Doctors and advocates say many women are unknowingly living with the disease because they lack of awareness or are reluctant to seek help.
“If they have trouble breathing when they are going up stairs, they may say ‘I’m just a little older or heavier or out of shape,’” said Stephanie Williams, director of community programs for the COPD Foundation, which recently held a webinar about the disease among women. “Women put off treatment longer and they mask their symptoms.”
Inez Shakman, 73, who lives in Ventura, Calif., and sees Dr. Wilgus, said she had problems exhaling for years, and common colds tended to settle in her chest and last longer than expected. She also found it physically straining sometimes to walk in the park. It was only about four months ago that she learned she had COPD. She’d never heard of the disease. Now, with medication, she can walk around the park without stopping or gasping for air, she said.

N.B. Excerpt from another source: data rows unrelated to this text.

lemma flow_compact_times_entourage:
  assumes "compact K" "entourage E"
  obtains W where "open W" "y \<in> W" "\<And>k z. k \<in> K \<Longrightarrow> z \<in> W \<Longrightarrow> (act k y, act k z) \<in> E"
proof -
  obtain E1 where E1: "entourage E1" "\<And>a b c. (a, b) \<in> E1 \<Longrightarrow> (b, c) \<in> E1 \<Longrightarrow> (a, c) \<in> E"
    using entourage_half[OF assms(2)] by blast
  have "\<forall>k. \<exists>A B. open A \<and> open B \<and> k \<in> A \<and> y \<in> B \<and> (\<forall>s\<in>A. \<forall>z\<in>B. (act k y, act s z) \<in> E1)"
  proof
    fix k
    obtain V where V: "open V" "act k y \<in> V" "\<And>z. z \<in> V \<Longrightarrow> (act k y, z) \<in> E1"
      using entourage_nhds[OF E1(1), of "act k y"] by blast
    obtain A B where "open A" "open B" "k \<in> A" "y \<in> B" "\<And>s z. s \<in> A \<Longrightarrow> z \<in> B \<Longrightarrow> act s z \<in> V"
      using flow_continuous_at_pair[OF V(1,2)] by blast
    then show "\<exists>A B. open A \<and> open B \<and> k \<in> A \<and> y \<in> B \<and> (\<forall>s\<in>A. \<forall>z\<in>B. (act k y, act s z) \<in> E1)"
      using V(3) by blast
  qed
  then obtain A B where AB: "\<And>k. open (A k)" "\<And>k. open (B k)" "\<And>k. k \<in> A k" "\<And>k. y \<in> B k"
    "\<And>k s z. s \<in> A k \<Longrightarrow> z \<in> B k \<Longrightarrow> (act k y, act s z) \<in> E1"
    by metis
  have "K \<subseteq> (\<Union>k\<in>K. A k)" using AB(3) by blast
  then obtain K' where K': "K' \<subseteq> K" "finite K'" "K \<subseteq> (\<Union>k\<in>K'. A k)"
    by (rule compactE_image[OF assms(1) AB(1)])
  have "(act k y, act k z) \<in> E" if k: "k \<in> K" and z: "z \<in> (\<Inter>k\<in>K'. B k)" for k z
  proof -
    obtain k' where k': "k' \<in> K'" "k \<in> A k'" using K'(3) k by blast
    have "(act k y, act k' y) \<in> E1" using entourage_sym[OF E1(1) AB(5)[OF k'(2) AB(4)]] .
    moreover have "(act k' y, act k z) \<in> E1" using AB(5)[OF k'(2)] z k'(1) by blast
    ultimately show ?thesis by (rule E1(2))
  qed
  moreover have "open (\<Inter>k\<in>K'. B k)" "y \<in> (\<Inter>k\<in>K'. B k)" using K'(2) AB(2,4) by auto
  ultimately show ?thesis using that by blast
qed

lemma ap_point_in_orbit_closure:
  assumes "ap_point act x" "y \<in> closure (range (\<lambda>t. act t x))"
  shows "x \<in> closure (range (\<lambda>t. act t y))"
  unfolding closure_iff_nhds_not_empty
proof (intro allI impI)
  fix V0 V assume V: "V \<subseteq> V0" "open V" "x \<in> V"
  obtain E where E: "entourage E" "\<And>z. (x, z) \<in> E \<Longrightarrow> z \<in> V"
    using nhds_entourage[OF V(2,3)] by blast
  obtain E1 where E1: "entourage E1" "\<And>a b c. (a, b) \<in> E1 \<Longrightarrow> (b, c) \<in> E1 \<Longrightarrow> (a, c) \<in> E"
    using entourage_half[OF E(1)] by blast
  obtain U where U: "open U" "x \<in> U" "\<And>z. z \<in> U \<Longrightarrow> (x, z) \<in> E1"
    using entourage_nhds[OF E1(1), of x] by blast
  have "syndetic {r. act r x \<in> U}" using assms(1) U(1,2) unfolding ap_point_def by blast
  then obtain K where K: "compact K" "\<And>t. (\<lambda>k. k + t) ` K \<inter> {r. act r x \<in> U} \<noteq> {}"
    unfolding syndetic_def by blast
  obtain W where W: "open W" "y \<in> W" "\<And>k z. k \<in> K \<Longrightarrow> z \<in> W \<Longrightarrow> (act k y, act k z) \<in> E1"
    using flow_compact_times_entourage[OF K(1) E1(1), of y] by blast
  obtain \<tau> where \<tau>: "act \<tau> x \<in> W"
    using assms(2) W(1,2) unfolding closure_iff_nhds_not_empty by blast
  obtain k where k: "k \<in> K" "act (k + \<tau>) x \<in> U" using K(2)[of \<tau>] by blast
  have "(x, act k (act \<tau> x)) \<in> E1" using U(3) k(2) by (simp add: flow_add)
  moreover have "(act k (act \<tau> x), act k y) \<in> E1" using entourage_sym[OF E1(1) W(3)[OF k(1) \<tau>]] .
  ultimately have "act k y \<in> V" using E1(2) E(2) by blast
  then show "range (\<lambda>t. act t y) \<inter> V0 \<noteq> {}" using V(1) by blast
qed
lemma gamma3_coisometry_adj_on_UNIV:
  assumes "gamma3_isometry N (UNIV::'a::chilbert set) T1 T2 V"
  shows "gamma3_coisometry N UNIV (adj_on UNIV T1) (adj_on UNIV T2) (adj_on UNIV V)"
proof -
  have "bounded_op_on UNIV T1" "bounded_op_on UNIV T2" "bounded_op_on UNIV V"
    using assms unfolding gamma3_isometry_def by auto
  thus ?thesis using assms
    by (simp add: gamma3_coisometry_def bounded_op_on_adj_on_UNIV adj_on_adj_on_UNIV)
qed

definition triple_pow :: "('a \<Rightarrow> 'a) \<Rightarrow> ('a \<Rightarrow> 'a) \<Rightarrow> ('a \<Rightarrow> 'a) \<Rightarrow> nat \<Rightarrow> nat \<Rightarrow> nat \<Rightarrow> 'a \<Rightarrow> 'a"
  where "triple_pow A B C i j k x = (A ^^ i) ((B ^^ j) ((C ^^ k) x))"

lemma funpow_mem: "\<forall>x\<in>M. A x \<in> M \<Longrightarrow> x \<in> M \<Longrightarrow> (A ^^ n) x \<in> M"
  by (induction n) auto

lemma funpow_commute_on:
  assumes "commute_on M A B" "\<forall>x\<in>M. B x \<in> M" "x \<in> M"
  shows "A ((B ^^ n) x) = (B ^^ n) (A x)"
  using assms funpow_mem[OF assms(2,3)] unfolding commute_on_def by (induction n) auto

Medical schools have long taught about COPD with a textbook that features images of two men, and researchers have detected gender bias in doctors’ diagnoses of the disease. In one well-known study, physicians who were presented with hypothetical patients made the correct diagnosis more often for men than for women.
Caroline Gainer, a 74-year-old retired teacher who lives in Daniels, a rural town in West Virginia, told her doctor more than once about her symptoms, which included coughing every morning and regularly feeling short of breath. “He thought I had asthma,” she said. “I don’t think I ever got the message across about how bad it was.”
Finally, Gainer was diagnosed with COPD, and now she needs oxygen to get around. She gave up her 50-year smoking habit with the help of a nicotine patch, takes her medications and exercises regularly. “I do everything I am supposed to do,” Gainer said. “I can maybe not halt the progress but I can slow it down.”